The test has two different result:
1. When the CONNTRACK is enabled in the kernel running on the server
recv message: AAAAAAAAAAAAAAAAAAAAAAAAAAAAAAAAAAAAAAAAAAAAAAAAAA
AAAAAAAAAAAAAAAAAAAAAAAAAAAAAAAAAAAAAAAAAAAAAAAAAAAAAAAAAAAAAAAA
AAA....

2. When the CONNTRACK is disabled in the kernel running on the server
[Nothing printed out!!!]

See, without CONNTRACK, the policy route failed to handle the
defragmentation problem too!
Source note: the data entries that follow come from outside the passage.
lemma definable_pair:
  assumes "definable n GS K (TL_over l \<Omega> K S t) F" "definable n GS K (TL_over l \<Omega> K S t) G"
  shows "definable n GS K (TL_over l \<Omega> K S t) (\<lambda>X \<nu>. (F X \<nu>, G X \<nu>))"
  unfolding definable_def
proof
  fix c :: "'a \<times> 'b"
  obtain \<phi> \<psi> where \<phi>: "\<phi> \<in> TL_over l \<Omega> K S t" "indicates n GS K \<phi> (\<lambda>X \<nu>. F X \<nu> = fst c)"
    and \<psi>: "\<psi> \<in> TL_over l \<Omega> K S t" "indicates n GS K \<psi> (\<lambda>X \<nu>. G X \<nu> = snd c)"
    using assms unfolding definable_def by blast
  have "indicates n GS K (Mul \<phi> \<psi>) (\<lambda>X \<nu>. (F X \<nu>, G X \<nu>) = c)"
    by (rule indicates_cong[OF indicates_Mul[OF \<phi>(2) \<psi>(2)]]) (simp add: prod_eq_iff)
  then show "\<exists>\<phi>\<in>TL_over l \<Omega> K S t. indicates n GS K \<phi> (\<lambda>X \<nu>. (F X \<nu>, G X \<nu>) = c)"
    using Mul_in_TL_over[OF \<phi>(1) \<psi>(1)] by blast
qed

lemma definable_if_same_fibres:
  assumes "1 \<le> K" "definable n GS K (TL_over l \<Omega> K S t) G"
    and "\<And>X \<nu> Y \<mu>. X \<in> GS \<Longrightarrow> \<nu> \<in> valuations K n \<Longrightarrow> Y \<in> GS \<Longrightarrow> \<mu> \<in> valuations K n \<Longrightarrow>
      F X \<nu> = F Y \<mu> \<longleftrightarrow> G X \<nu> = G Y \<mu>"
  shows "definable n GS K (TL_over l \<Omega> K S t) F"
  unfolding definable_def
proof
  fix c
  show "\<exists>\<phi>\<in>TL_over l \<Omega> K S t. indicates n GS K \<phi> (\<lambda>X \<nu>. F X \<nu> = c)"
  proof (cases "\<exists>Y\<in>GS. \<exists>\<mu>\<in>valuations K n. F Y \<mu> = c")
    case True
    then obtain Y \<mu> where Y\<mu>: "Y \<in> GS" "\<mu> \<in> valuations K n" "F Y \<mu> = c" by blast
    obtain \<phi> where \<phi>: "\<phi> \<in> TL_over l \<Omega> K S t" "indicates n GS K \<phi> (\<lambda>X \<nu>. G X \<nu> = G Y \<mu>)"
      using assms(2) unfolding definable_def by blast
    have "indicates n GS K \<phi> (\<lambda>X \<nu>. F X \<nu> = c)"
      by (rule indicates_cong[OF \<phi>(2)]) (use assms(3) Y\<mu> in auto)
    with \<phi>(1) show ?thesis by blast
  next
    case False
    have "indicates n GS K zero (\<lambda>X \<nu>. F X \<nu> = c)"
      by (rule indicates_cong[OF indicates_zero]) (use False in auto)
    with zero_in_TL_over[OF assms(1)] show ?thesis by blast
  qed
qed

lemma definable_map:
  assumes "1 \<le> K" "\<And>x. x \<in> set xs \<Longrightarrow> definable n GS K (TL_over l \<Omega> K S t) (F x)"
  shows "definable n GS K (TL_over l \<Omega> K S t) (\<lambda>X \<nu>. map (\<lambda>x. F x X \<nu>) xs)"
  using assms(2)
proof (induction xs)
  case Nil
  show ?case using definable_const[OF assms(1), of n GS l \<Omega> S t "[]"] by simp
next
  case (Cons x xs)
  have "definable n GS K (TL_over l \<Omega> K S t) (F x)" using Cons.prems by simp
  moreover have "definable n GS K (TL_over l \<Omega> K S t) (\<lambda>X \<nu>. map (\<lambda>x. F x X \<nu>) xs)"
    using Cons.IH Cons.prems by simp
  ultimately have "definable n GS K (TL_over l \<Omega> K S t) (\<lambda>X \<nu>. (F x X \<nu>, map (\<lambda>x. F x X \<nu>) xs))"
    by (rule definable_pair)
  then show ?case by (rule definable_if_same_fibres[OF assms(1)]) simp
qed

lemma multiset_eq_iff_on:
  assumes "set_mset M \<subseteq> R" "set_mset N \<subseteq> R"
  shows "M = N \<longleftrightarrow> (\<forall>e\<in>R. count M e = count N e)"
  using assms by (auto simp: multiset_eq_iff) (metis count_eq_zero_iff subsetD)

lemma sem_Sum_count:
  assumes "indicates n GS K \<phi> (\<lambda>X \<nu>. g X \<nu> = e)" "X \<in> GS" "\<nu> \<in> valuations K n"
  shows "sem n X \<nu> (Sum z \<phi>) = real (count (image_mset (\<lambda>u. g X (\<nu>(z := u))) (mset_set {1..n})) e)"
proof -
  have "sem n X \<nu> (Sum z \<phi>) = (\<Sum>u\<in>{1..n}. if g X (\<nu>(z := u)) = e then 1 else 0)"
    using assms fun_upd_in_valuations unfolding indicates_def by simp
  then show ?thesis by (simp add: count_image_mset_set of_nat_sum of_bool_def[symmetric])
qed

text \<open>Summing over the fresh variable \<open>z\<close> counts how often each value occurs in the multiset; the
  counts are then compared with those of a given multiset by Lagrange indicators.\<close>

lemma definable_image_mset:
  assumes "finite GS" "1 \<le> K" "z \<in> {1..K}"
    and g: "definable n GS K (TL_over l \<Omega> K (insert z S) t) g"
  shows "definable n GS K (TL_over l \<Omega> K S (Suc t))
    (\<lambda>X \<nu>. image_mset (\<lambda>u. g X (\<nu>(z := u))) (mset_set {1..n}))"
  unfolding definable_def
proof
  fix M
  let ?m = "\<lambda>X \<nu>. image_mset (\<lambda>u. g X (\<nu>(z := u))) (mset_set {1..n})"
  define R where "R = {g X \<nu> | X \<nu>. X \<in> GS \<and> \<nu> \<in> valuations K n}"
  have m_R: "set_mset (?m X \<nu>) \<subseteq> R" if "X \<in> GS" "\<nu> \<in> valuations K n" for X \<nu>
  proof -
    have "g X (\<nu>(z := u)) \<in> R" if "u \<in> {1..n}" for u
      unfolding R_def using \<open>X \<in> GS\<close> fun_upd_in_valuations[OF \<open>\<nu> \<in> valuations K n\<close> that] by blast
    then show ?thesis by auto
  qed
  show "\<exists>\<phi>\<in>TL_over l \<Omega> K S (Suc t). indicates n GS K \<phi> (\<lambda>X \<nu>. ?m X \<nu> = M)"
  proof (cases "set_mset M \<subseteq> R")
    case False
    have "indicates n GS K zero (\<lambda>X \<nu>. ?m X \<nu> = M)"
      by (rule indicates_cong[OF indicates_zero]) (metis False m_R)
    with zero_in_TL_over[OF assms(2)] show ?thesis by blast
  next
    case True
    from g have "\<forall>e. \<exists>\<phi>. \<phi> \<in> TL_over l \<Omega> K (insert z S) t \<and> indicates n GS K \<phi> (\<lambda>X \<nu>. g X \<nu> = e)"
      unfolding definable_def by blast
    from choice[OF this] obtain ind where ind: "\<And>e. ind e \<in> TL_over l \<Omega> K (insert z S) t"
      "\<And>e. indicates n GS K (ind e) (\<lambda>X \<nu>. g X \<nu> = e)"
      by blast
    have count: "sem n X \<nu> (Sum z (ind e)) = real (count (?m X \<nu>) e)"
      if "X \<in> GS" "\<nu> \<in> valuations K n" for X \<nu> e
      using ind(2) that by (rule sem_Sum_count)
    have "\<exists>\<psi>\<in>TL_over l \<Omega> K S (Suc t).
        indicates n GS K \<psi> (\<lambda>X \<nu>. sem n X \<nu> (Sum z (ind e)) = real (count M e))" for e
      using definable_sem[OF assms(1,2) Sum_in_TL_over[OF ind(1) assms(3)]]
      unfolding definable_def by blast
    then obtain cnt where cnt: "\<And>e. cnt e \<in> TL_over l \<Omega> K S (Suc t)"
      "\<And>e. indicates n GS K (cnt e) (\<lambda>X \<nu>. sem n X \<nu> (Sum z (ind e)) = real (count M e))"
      by metis
    obtain Rl where Rl: "set Rl = R"
      using finite_list[OF definable_finite_values[OF assms(1) g]] unfolding R_def ..
    have "indicates n GS K (prodL (map cnt Rl))
        (\<lambda>X \<nu>. \<forall>e\<in>set Rl. sem n X \<nu> (Sum z (ind e)) = real (count M e))"
      using cnt(2) by (rule indicates_prodL)
    then have "indicates n GS K (prodL (map cnt Rl)) (\<lambda>X \<nu>. ?m X \<nu> = M)"
      by (rule indicates_cong) (simp only: count Rl multiset_eq_iff_on[OF m_R True] of_nat_eq_iff)
    moreover have "prodL (map cnt Rl) \<in> TL_over l \<Omega> K S (Suc t)"
      using cnt(1) by (intro prodL_in_TL_over[OF assms(2)]) auto
    ultimately show ?thesis by blast
  qed
qed

lemma col_length: "is_graph n l G \<Longrightarrow> v \<in> {1..n} \<Longrightarrow> length (col G v) = l"
  unfolding is_graph_def by auto

definition atoms :: "nat list \<Rightarrow> nat \<Rightarrow> tl list" where
  "atoms \<tau> l = [EqI x y. x \<leftarrow> \<tau>, y \<leftarrow> \<tau>] @ [Edge x y. x \<leftarrow> \<tau>, y \<leftarrow> \<tau>] @ [Lab s x. x \<leftarrow> \<tau>, s \<leftarrow> [1..<Suc l]]"

lemma atoms_in_TL_over: "\<psi> \<in> set (atoms \<tau> l) \<Longrightarrow> set \<tau> \<subseteq> {1..K} \<Longrightarrow> \<psi> \<in> TL_over l \<Omega> K (set \<tau>) 0"
  by (auto simp: atoms_def TL_over_def TL_def)

lemma ball_set_atoms_iff:
  "(\<forall>\<psi>\<in>set (atoms \<tau> l). Q \<psi>) \<longleftrightarrow>
    (\<forall>x\<in>set \<tau>. \<forall>y\<in>set \<tau>. Q (EqI x y) \<and> Q (Edge x y)) \<and> (\<forall>x\<in>set \<tau>. \<forall>s\<in>{1..l}. Q (Lab s x))"
proof -
  have "set (atoms \<tau> l) = {EqI x y | x y. x \<in> set \<tau> \<and> y \<in> set \<tau>} \<union>
      {Edge x y | x y. x \<in> set \<tau> \<and> y \<in> set \<tau>} \<union> {Lab s x | s x. x \<in> set \<tau> \<and> s \<in> {1..l}}"
    unfolding atoms_def by (auto simp del: upt_Suc simp add: atLeastLessThanSuc_atLeastAtMost)
  then show ?thesis by auto
qed

lemma list_eq_iff_nth_pred_eq:
  assumes "length xs = l" "length ys = l"
  shows "xs = ys \<longleftrightarrow> (\<forall>s\<in>{1..l}. xs ! (s - 1) = ys ! (s - 1))"
proof -
  have "(\<forall>s\<in>{1..l}. xs ! (s - 1) = ys ! (s - 1)) \<longleftrightarrow> (\<forall>i<l. xs ! i = ys ! i)"
  proof
    assume H: "\<forall>s\<in>{1..l}. xs ! (s - 1) = ys ! (s - 1)"
    show "\<forall>i<l. xs ! i = ys ! i"
    proof (intro allI impI)
      fix i assume "i < l"
      then have "Suc i \<in> {1..l}" by simp
      then show "xs ! i = ys ! i" using H by (metis diff_Suc_1)
    qed
  qed auto
  then show ?thesis using assms by (simp add: list_eq_iff_nth_eq)
qed

lemma same_atomic_type_iff_atoms:
  assumes "\<And>x. x \<in> set \<tau> \<Longrightarrow> length (col X (\<nu> x)) = l \<and> length (col Y (\<mu> x)) = l"
  shows "same_atomic_type X Y \<nu> \<mu> (set \<tau>) \<longleftrightarrow> (\<forall>\<psi>\<in>set (atoms \<tau> l). sem n X \<nu> \<psi> = sem n Y \<mu> \<psi>)"
proof -
  have col: "col X (\<nu> x) = col Y (\<mu> x) \<longleftrightarrow> (\<forall>s\<in>{1..l}. col X (\<nu> x) ! (s - 1) = col Y (\<mu> x) ! (s - 1))"
    if "x \<in> set \<tau>" for x
    using assms[OF that] by (simp add: list_eq_iff_nth_pred_eq)
  have "(\<forall>\<psi>\<in>set (atoms \<tau> l). sem n X \<nu> \<psi> = sem n Y \<mu> \<psi>) \<longleftrightarrow>
      (\<forall>x\<in>set \<tau>. \<forall>y\<in>set \<tau>. (\<nu> x = \<nu> y \<longleftrightarrow> \<mu> x = \<mu> y) \<and> ({\<nu> x, \<nu> y} \<in> edges X \<longleftrightarrow> {\<mu> x, \<mu> y} \<in> edges Y)) \<and>
      (\<forall>x\<in>set \<tau>. \<forall>s\<in>{1..l}. col X (\<nu> x) ! (s - 1) = col Y (\<mu> x) ! (s - 1))"
  proof -
    have indicator_eq: "(if P then 1 else 0) = (if Q then 1 else (0::real)) \<longleftrightarrow> (P \<longleftrightarrow> Q)" for P Q
      by simp
    show ?thesis unfolding ball_set_atoms_iff sem.simps indicator_eq ..
  qed
  also have "\<dots> \<longleftrightarrow> same_atomic_type X Y \<nu> \<mu> (set \<tau>)"
    unfolding same_atomic_type_def using col by (simp cong: ball_cong)
  finally show ?thesis ..
qed

lemma definable_atp:
  assumes "finite GS" "\<And>X. X \<in> GS \<Longrightarrow> is_graph n l X" "1 \<le> K" "set \<tau> \<subseteq> {1..K}"
  shows "definable n GS K (TL_over l \<Omega> K (set \<tau>) 0) (\<lambda>X \<nu>. atp X (map \<nu> \<tau>))"
proof (rule definable_if_same_fibres[OF assms(3)])
  show "definable n GS K (TL_over l \<Omega> K (set \<tau>) 0) (\<lambda>X \<nu>. map (\<lambda>\<psi>. sem n X \<nu> \<psi>) (atoms \<tau> l))"
    using assms(4) by (intro definable_map[OF assms(3)] definable_sem[OF assms(1,3)] atoms_in_TL_over)
next
  fix X \<nu> Y \<mu> assume XY: "X \<in> GS" "\<nu> \<in> valuations K n" "Y \<in> GS" "\<mu> \<in> valuations K n"
  then have "length (col X (\<nu> x)) = l \<and> length (col Y (\<mu> x)) = l" if "x \<in> set \<tau>" for x
    using that assms(2,4) col_length unfolding valuations_def by blast
  moreover have "loopless X" "loopless Y" using XY(1,3) assms(2) is_graph_loopless by blast+
  ultimately show "atp X (map \<nu> \<tau>) = atp Y (map \<mu> \<tau>) \<longleftrightarrow>
      map (\<lambda>\<psi>. sem n X \<nu> \<psi>) (atoms \<tau> l) = map (\<lambda>\<psi>. sem n Y \<mu> \<psi>) (atoms \<tau> l)"
    by (simp add: atp_map_eq_iff same_atomic_type_iff_atoms map_eq_conv)
qed

lemma definable_image_wl_step:
  assumes "finite GS" "\<And>X. X \<in> GS \<Longrightarrow> is_graph n l X"
    and "length \<sigma> = k" "set \<sigma> \<subseteq> {1..Suc k}" "z \<in> {1..Suc k}" "z \<notin> set \<sigma>"
    and "\<And>i. definable n GS (Suc k) (TL_over l \<Omega> (Suc k) (set (\<sigma>[i := z])) t)
      (\<lambda>X \<nu>. wl n X t (map \<nu> (\<sigma>[i := z])))"
  shows "definable n GS (Suc k) (TL_over l \<Omega> (Suc k) (set \<sigma>) (Suc t))
    (\<lambda>X \<nu>. image_mset (wl_step n X t (map \<nu> \<sigma>)) (mset_set {1..n}))"
proof -
  let ?C = "TL_over l \<Omega> (Suc k) (insert z (set \<sigma>)) t"
  define g where "g = (\<lambda>X \<nu>. (atp X (map \<nu> (\<sigma> @ [z])), map (\<lambda>i. wl n X t (map \<nu> (\<sigma>[i := z]))) [0..<k]))"
  have "definable n GS (Suc k) (TL_over l \<Omega> (Suc k) (set (\<sigma> @ [z])) 0) (\<lambda>X \<nu>. atp X (map \<nu> (\<sigma> @ [z])))"
    using assms(4,5) by (intro definable_atp[OF assms(1,2)]) simp_all
  then have "definable n GS (Suc k) ?C (\<lambda>X \<nu>. atp X (map \<nu> (\<sigma> @ [z])))"
    by (rule definable_mono) (simp add: TL_over_mono)
  moreover have "definable n GS (Suc k) ?C (\<lambda>X \<nu>. map (\<lambda>i. wl n X t (map \<nu> (\<sigma>[i := z]))) [0..<k])"
  proof (rule definable_map)
    fix i
    show "definable n GS (Suc k) ?C (\<lambda>X \<nu>. wl n X t (map \<nu> (\<sigma>[i := z])))"
      using assms(7) by (rule definable_mono) (simp add: TL_over_mono set_update_subset_insert)
  qed simp
  ultimately have "definable n GS (Suc k) ?C g" unfolding g_def by (rule definable_pair)
  from definable_image_mset[OF assms(1) _ assms(5) this]
  have "definable n GS (Suc k) (TL_over l \<Omega> (Suc k) (set \<sigma>) (Suc t))
      (\<lambda>X \<nu>. image_mset (\<lambda>u. g X (\<nu>(z := u))) (mset_set {1..n}))"
    by simp
  moreover have "g X (\<nu>(z := u)) = wl_step n X t (map \<nu> \<sigma>) u" for X \<nu> u
    using assms(3,6) by (simp add: g_def wl_step_def map_update)
  ultimately show ?thesis by simp
qed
In fact, it just routes the first IP
fragment of the message to the INPUT chain, and ignores the other
IP fragments and let them wander on the FORWARD chain, so the
defragmentation job of ip_local_deliver() will never success.
And the upper test program will never receive the message from kernel.


Besides this test program, you can simply validate this fact through
iptables LOG target:

@ Server

# Set a LOG rule just after the MARK rule
iptables -t mangle -A PREROUTING -m mark --mark 1 -j LOG

you will see that, without CONNTRACK, you see the first IP fragment
packet in your log file, and with CONNTRACK, you see an entire IP packet!




All in all, the conclusion is that:
If you use CONNTRACK, my TP patch works without defragmentation problem;
If you don't use CONNTRACK, both my TP patch & Policy routing rule for TP
do not work!

So, I always think that, my patch enables the native support for TP.


Cheers,

Jinhua